[![image.png](https://i.postimg.cc/3NS5z6RB/image.png)](https://postimg.cc/V0CVCKXr)

Few days back I watched a show on Netflix named, [The Surgeon's Cut](https://www.youtube.com/watch?v=Fft5igeEIEM) and episode 2 intrigued me. This episode features Dr. Alfredo Quiñones-Hinojosa, one of the leading neurosurgeon who's expertise lies in removing complex brain tumors. 

One of the line he said in the episode which really gripped me and I quote, "The brain wasn't meant to be opened. It's not natural what we do. It's us defying nature.
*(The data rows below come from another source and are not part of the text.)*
lemma omega_of_nat: "x \<in> J \<Longrightarrow> frag_cmul (int n) (frag_of (x, a)) \<simeq> frag_of (of_nat n * x, a)"
proof (induction n)
  case 0
  show ?case
    using omega_equiv_sym[OF omega_zero_left] by simp
next
  case (Suc n)
  have "frag_cmul (int (Suc n)) (frag_of (x, a)) = frag_cmul (int n) (frag_of (x, a)) + frag_of (x, a)"
    by (simp add: frag_cmul_distrib)
  also have "\<dots> \<simeq> frag_of (of_nat n * x, a) + frag_of (x, a)"
    using Suc by (intro omega_equiv_add omega_equiv_refl)
  also have "\<dots> \<simeq> frag_of (of_nat n * x + x, a)"
    using omega_add_left[OF ideal_mult_left[OF J_ideal Suc.prems] Suc.prems] by (rule omega_equiv_sym)
  finally show ?case
    by (simp add: algebra_simps)
qed

lemma omega_sum_right: "x \<in> J \<Longrightarrow> frag_of (x, sum g A) \<simeq> (\<Sum>i\<in>A. frag_of (x, g i))"
proof (induction A rule: infinite_finite_induct)
  case (insert i A)
  have "frag_of (x, sum g (insert i A)) \<simeq> frag_of (x, g i) + frag_of (x, sum g A)"
    using insert by (simp add: omega_add_right)
  also have "\<dots> \<simeq> frag_of (x, g i) + (\<Sum>i\<in>A. frag_of (x, g i))"
    using insert by (intro omega_equiv_add omega_equiv_refl)
  finally show ?case
    using insert by simp
qed (simp_all add: omega_d_ideal ideal_0[OF J_ideal])

lemma omega_chain_rule: "x \<in> J \<Longrightarrow> frag_of (x, kpoly p y) \<simeq> frag_of (x * kpoly (pderiv p) y, y)"
proof (induction p arbitrary: x rule: pCons_induct)
  case 0
  show ?case
    using omega_equiv_trans[OF omega_d_ideal[OF 0 ideal_0[OF J_ideal]] omega_equiv_sym[OF omega_zero_left]]
    by simp
next
  case (pCons a p)
  let ?P = "kpoly p y" and ?P' = "kpoly (pderiv p) y"
  have "frag_of (x, kpoly (pCons a p) y) \<simeq> frag_of (x, \<sigma> a) + frag_of (x, y * ?P)"
    using pCons.prems by (simp add: kpoly_pCons omega_add_right)
  also have "\<dots> \<simeq> 0 + (frag_of (x * y, ?P) + frag_of (x * ?P, y))"
    using pCons.prems by (intro omega_equiv_add omega_d_sigma omega_leibniz)
  also have "\<dots> \<simeq> 0 + (frag_of (x * y * ?P', y) + frag_of (x * ?P, y))"
    using pCons by (intro omega_equiv_add omega_equiv_refl pCons.IH J_closed)
  also have "\<dots> \<simeq> frag_of (x * y * ?P' + x * ?P, y)"
    using omega_equiv_sym[OF omega_add_left[of "x * y * ?P'" "x * ?P" y]] pCons.prems
    by (simp add: J_closed)
  finally show ?case
    by (simp add: kpoly_pderiv_pCons algebra_simps)
qed

lemma omega_power:
  "x \<in> J \<Longrightarrow> frag_of (x, y ^ Suc n) \<simeq> frag_cmul (int (Suc n)) (frag_of (x * y ^ n, y))"
proof -
  assume x: "x \<in> J"
  have "frag_of (x, y ^ Suc n) = frag_of (x, kpoly (monom 1 (Suc n)) y)"
    by (simp add: kpoly_monom sigma_simps)
  also have "\<dots> \<simeq> frag_of (x * kpoly (pderiv (monom 1 (Suc n))) y, y)"
    using x by (rule omega_chain_rule)
  also have "\<dots> = frag_of (of_nat (Suc n) * (x * y ^ n), y)"
    by (simp add: pderiv_monom kpoly_monom sigma_of_nat algebra_simps del: of_nat_Suc)
  also have "\<dots> \<simeq> frag_cmul (int (Suc n)) (frag_of (x * y ^ n, y))"
    using omega_of_nat[OF ideal_mult_right[OF J_ideal x]] by (rule omega_equiv_sym)
  finally show ?thesis .
qed

section \<open>The image of \<open>HH\<^sub>2(S/J)\<close>\<close>

text \<open>\<open>\<omega> \<in> hh_image\<close> says that the class of \<open>\<omega>\<close> in \<open>J \<otimes>\<^sub>S \<Omega>\<^sub>S\<^sub>/\<^sub>R\<close> comes from \<open>HH\<^sub>2(S/J)\<close>:
  \<open>z\<close> is a 2-chain that is a cycle modulo \<open>J\<close>, \<open>P + Q\<close> is its boundary written in
  \<open>C\<^sub>1(S, J) = J \<otimes> S + S \<otimes> J\<close>, and \<open>x \<otimes> r \<mapsto> x dr\<close>, \<open>r \<otimes> x \<mapsto> -x dr\<close> sends it to
  \<open>P - swap Q\<close>.\<close>

definition hh_image :: "(('s \<times> 's) \<Rightarrow>\<^sub>0 int) set" where
  "hh_image = {\<omega>. \<exists>z. hoch_b2 z \<in> zspan (quot_tensor2_rels \<sigma> J) \<and>
     (\<exists>P Q. (\<forall>t\<in>Poly_Mapping.keys P. fst t \<in> J) \<and> (\<forall>t\<in>Poly_Mapping.keys Q. snd t \<in> J) \<and>
        hoch_b2 z - (P + Q) \<in> zspan (tensor2_rels \<sigma>) \<and>
        P - frag_extend (\<lambda>(r, x). frag_of (x, r)) Q \<simeq> \<omega>)}"

lemma hh_image_0: "0 \<in> hh_image"
  unfolding hh_image_def
  by (intro CollectI exI[of _ 0] conjI) (auto simp: hoch_b2_def intro: zspan.zero)

lemma hh_image_diff:
  assumes "a \<in> hh_image" "b \<in> hh_image"
  shows "a - b \<in> hh_image"
proof -
  obtain z1 P1 Q1 where 1: "hoch_b2 z1 \<in> zspan (quot_tensor2_rels \<sigma> J)"
      "\<forall>t\<in>Poly_Mapping.keys P1. fst t \<in> J" "\<forall>t\<in>Poly_Mapping.keys Q1. snd t \<in> J"
      "hoch_b2 z1 - (P1 + Q1) \<in> zspan (tensor2_rels \<sigma>)"
      "P1 - frag_extend (\<lambda>(r, x). frag_of (x, r)) Q1 \<simeq> a"
    using assms(1) unfolding hh_image_def by blast
  obtain z2 P2 Q2 where 2: "hoch_b2 z2 \<in> zspan (quot_tensor2_rels \<sigma> J)"
      "\<forall>t\<in>Poly_Mapping.keys P2. fst t \<in> J" "\<forall>t\<in>Poly_Mapping.keys Q2. snd t \<in> J"
      "hoch_b2 z2 - (P2 + Q2) \<in> zspan (tensor2_rels \<sigma>)"
      "P2 - frag_extend (\<lambda>(r, x). frag_of (x, r)) Q2 \<simeq> b"
    using assms(2) unfolding hh_image_def by blast
  show ?thesis
    unfolding hh_image_def
  proof (intro CollectI exI conjI)
    show "hoch_b2 (z1 - z2) \<in> zspan (quot_tensor2_rels \<sigma> J)"
      using 1(1) 2(1) by (simp add: hoch_b2_diff zspan.diff)
    show "\<forall>t\<in>Poly_Mapping.keys (P1 - P2). fst t \<in> J" "\<forall>t\<in>Poly_Mapping.keys (Q1 - Q2). snd t \<in> J"
      using 1(2,3) 2(2,3) keys_diff[of P1 P2] keys_diff[of Q1 Q2] by blast+
    have "hoch_b2 (z1 - z2) - (P1 - P2 + (Q1 - Q2)) = (hoch_b2 z1 - (P1 + Q1)) - (hoch_b2 z2 - (P2 + Q2))"
      by (simp add: hoch_b2_diff algebra_simps)
    then show "hoch_b2 (z1 - z2) - (P1 - P2 + (Q1 - Q2)) \<in> zspan (tensor2_rels \<sigma>)"
      using zspan.diff[OF 1(4) 2(4)] by (simp only:)
    have "P1 - P2 - frag_extend (\<lambda>(r, x). frag_of (x, r)) (Q1 - Q2) =
        (P1 - frag_extend (\<lambda>(r, x). frag_of (x, r)) Q1) - (P2 - frag_extend (\<lambda>(r, x). frag_of (x, r)) Q2)"
      by (simp add: frag_extend_diff algebra_simps)
    then show "P1 - P2 - frag_extend (\<lambda>(r, x). frag_of (x, r)) (Q1 - Q2) \<simeq> a - b"
      using omega_equiv_diff[OF 1(5) 2(5)] by (simp only:)
  qed
qed

lemma hh_image_uminus: "a \<in> hh_image \<Longrightarrow> - a \<in> hh_image"
  using hh_image_diff[OF hh_image_0] by fastforce

lemma hh_image_add: "a \<in> hh_image \<Longrightarrow> b \<in> hh_image \<Longrightarrow> a + b \<in> hh_image"
  using hh_image_diff[OF _ hh_image_uminus] by fastforce

lemma hh_image_sum: "(\<And>i. i \<in> A \<Longrightarrow> g i \<in> hh_image) \<Longrightarrow> sum g A \<in> hh_image"
  by (induction A rule: infinite_finite_induct) (auto intro: hh_image_0 hh_image_add)

lemma hh_image_omega_equiv:
  assumes "a \<in> hh_image" "a \<simeq> b"
  shows "b \<in> hh_image"
proof -
  obtain z P Q where "hoch_b2 z \<in> zspan (quot_tensor2_rels \<sigma> J)"
    "\<forall>t\<in>Poly_Mapping.keys P. fst t \<in> J" "\<forall>t\<in>Poly_Mapping.keys Q. snd t \<in> J"
    "hoch_b2 z - (P + Q) \<in> zspan (tensor2_rels \<sigma>)"
    and "P - frag_extend (\<lambda>(r, x). frag_of (x, r)) Q \<simeq> a"
    using assms(1) unfolding hh_image_def by blast
  moreover from this(5) have "P - frag_extend (\<lambda>(r, x). frag_of (x, r)) Q \<simeq> b"
    using assms(2) by (rule omega_equiv_trans)
  ultimately show ?thesis
    unfolding hh_image_def by blast
qed

lemma hh_image_if_omega_equiv_0: "a \<simeq> 0 \<Longrightarrow> a \<in> hh_image"
  by (rule hh_image_omega_equiv[OF hh_image_0 omega_equiv_sym])

text \<open>The 2-chain \<open>\<Sum>\<^sub>i\<^sub>\<le>\<^sub>d a n\<^sup>i \<otimes> n\<^sup>d\<^sup>-\<^sup>i \<otimes> n\<close> has the telescoping boundary
  \<open>(d+1) (a n\<^sup>d \<otimes> n) + a n\<^sup>d\<^sup>+\<^sup>1 \<otimes> 1 - a \<otimes> n\<^sup>d\<^sup>+\<^sup>1\<close>, which vanishes modulo \<open>J\<close>.\<close>

lemma hh_image_power_cycle:
  assumes nJ: "n ^ Suc d \<in> J" and aJ: "a * n ^ d \<in> J"
  shows "frag_cmul (int (Suc d)) (frag_of (a * n ^ d, n)) + frag_of (n ^ Suc d, a) \<in> hh_image"
proof -
  define z where "z = (\<Sum>i<Suc d. frag_of (a * n ^ i, n ^ (d - i), n))"
  define F where "F = frag_of (a * n ^ d, n)"
  define G where "G i = frag_of (a * n ^ i, n ^ (Suc d - i))" for i
  have boundary_term: "hoch_b2 (frag_of (a * n ^ i, n ^ (d - i), n)) = F - G i + G (Suc i)"
    if "i < Suc d" for i
  proof -
    have e1: "a * n ^ i * n ^ (d - i) = a * n ^ d"
      using that by (simp add: mult.assoc power_add[symmetric])
    have e2: "n ^ (d - i) * n = n ^ (Suc d - i)"
      using that by (metis Suc_diff_le less_Suc_eq_le power_Suc2)
    have e3: "n * (a * n ^ i) = a * n ^ Suc i"
      by (simp add: algebra_simps)
    show ?thesis
      unfolding hoch_b2_of F_def G_def e1 e2 e3 by simp
  qed
  have "hoch_b2 z = (\<Sum>i<Suc d. F - G i + G (Suc i))"
    unfolding z_def hoch_b2_sum[OF finite_lessThan]
    by (intro sum.cong refl) (rule boundary_term, simp)
  also have "\<dots> = frag_cmul (int (Suc d)) F + (\<Sum>i<Suc d. G (Suc i) - G i)"
  proof -
    have "F - G i + G (Suc i) = F + (G (Suc i) - G i)" for i
      by simp
    then show ?thesis
      by (simp only: sum.distrib sum_lessThan_const_frag)
  qed
  also have "\<dots> = frag_cmul (int (Suc d)) F + G (Suc d) - G 0"
    by (simp only: sum_lessThan_telescope) (simp add: algebra_simps)
  finally have hz: "hoch_b2 z = frag_cmul (int (Suc d)) F + G (Suc d) - G 0" .
  have G0: "G 0 = frag_of (a, n ^ Suc d)" and GS: "G (Suc d) = frag_of (a * n ^ Suc d, 1)"
    unfolding G_def by simp_all
  have aJ': "a * n ^ Suc d \<in> J"
    using nJ by (rule J_closed)
  have quot: "frag_of (x, y) \<in> zspan (quot_tensor2_rels \<sigma> J)" if "x \<in> J \<or> y \<in> J" for x y
    using that by (intro zspan.gen) (auto simp: quot_tensor2_rels_def)
  show ?thesis
    unfolding hh_image_def
  proof (intro CollectI exI conjI)
    show "hoch_b2 z \<in> zspan (quot_tensor2_rels \<sigma> J)"
      unfolding hz G0 GS F_def using aJ aJ' nJ
      by (intro zspan.diff zspan_add zspan_cmul quot) simp_all
    show "\<forall>t\<in>Poly_Mapping.keys (frag_cmul (int (Suc d)) F + G (Suc d)). fst t \<in> J"
      using keys_add[of "frag_cmul (int (Suc d)) F" "G (Suc d)"] aJ aJ'
      unfolding F_def GS by auto
    show "\<forall>t\<in>Poly_Mapping.keys (- G 0). snd t \<in> J"
      unfolding G0 using nJ by simp
    show "hoch_b2 z - (frag_cmul (int (Suc d)) F + G (Suc d) + - G 0) \<in> zspan (tensor2_rels \<sigma>)"
      unfolding hz by (simp add: zspan.zero)
    have "frag_cmul (int (Suc d)) F + G (Suc d) - frag_extend (\<lambda>(r, x). frag_of (x, r)) (- G 0) =
        (frag_cmul (int (Suc d)) F + frag_of (n ^ Suc d, a)) + frag_of (a * n ^ Suc d, 1)"
      unfolding G0 GS by (simp add: frag_extend_minus algebra_simps)
    also have "\<dots> \<simeq> (frag_cmul (int (Suc d)) F + frag_of (n ^ Suc d, a)) + 0"
      using aJ' by (intro omega_equiv_add omega_equiv_refl omega_d_one)
    finally show "frag_cmul (int (Suc d)) F + G (Suc d) - frag_extend (\<lambda>(r, x). frag_of (x, r)) (- G 0)
        \<simeq> frag_cmul (int (Suc d)) (frag_of (a * n ^ d, n)) + frag_of (n ^ Suc d, a)"
      unfolding F_def by simp
  qed
qed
Opening the skull is scared and then cutting through the dura, the delicate membrane that is like the final gateway into a secret temple [brain]."

If you think about it this competition enables us to help reduce the sugeries required to perform an biopsy to determine if there is a tumor or not. What excites me the most is the fact that we humans are capable of course correcting the natural progression of our body.

MRI gives us an indirect way to look into our brain to find the defects and remove them hopefully to extend a human life. If we can develop algorightms that can improve the survival rate from less than a year to atleast two years, in my opinion it's giving a human being opportunities to connect with his/her family, do what's necesary for them and leave behind a legacy. 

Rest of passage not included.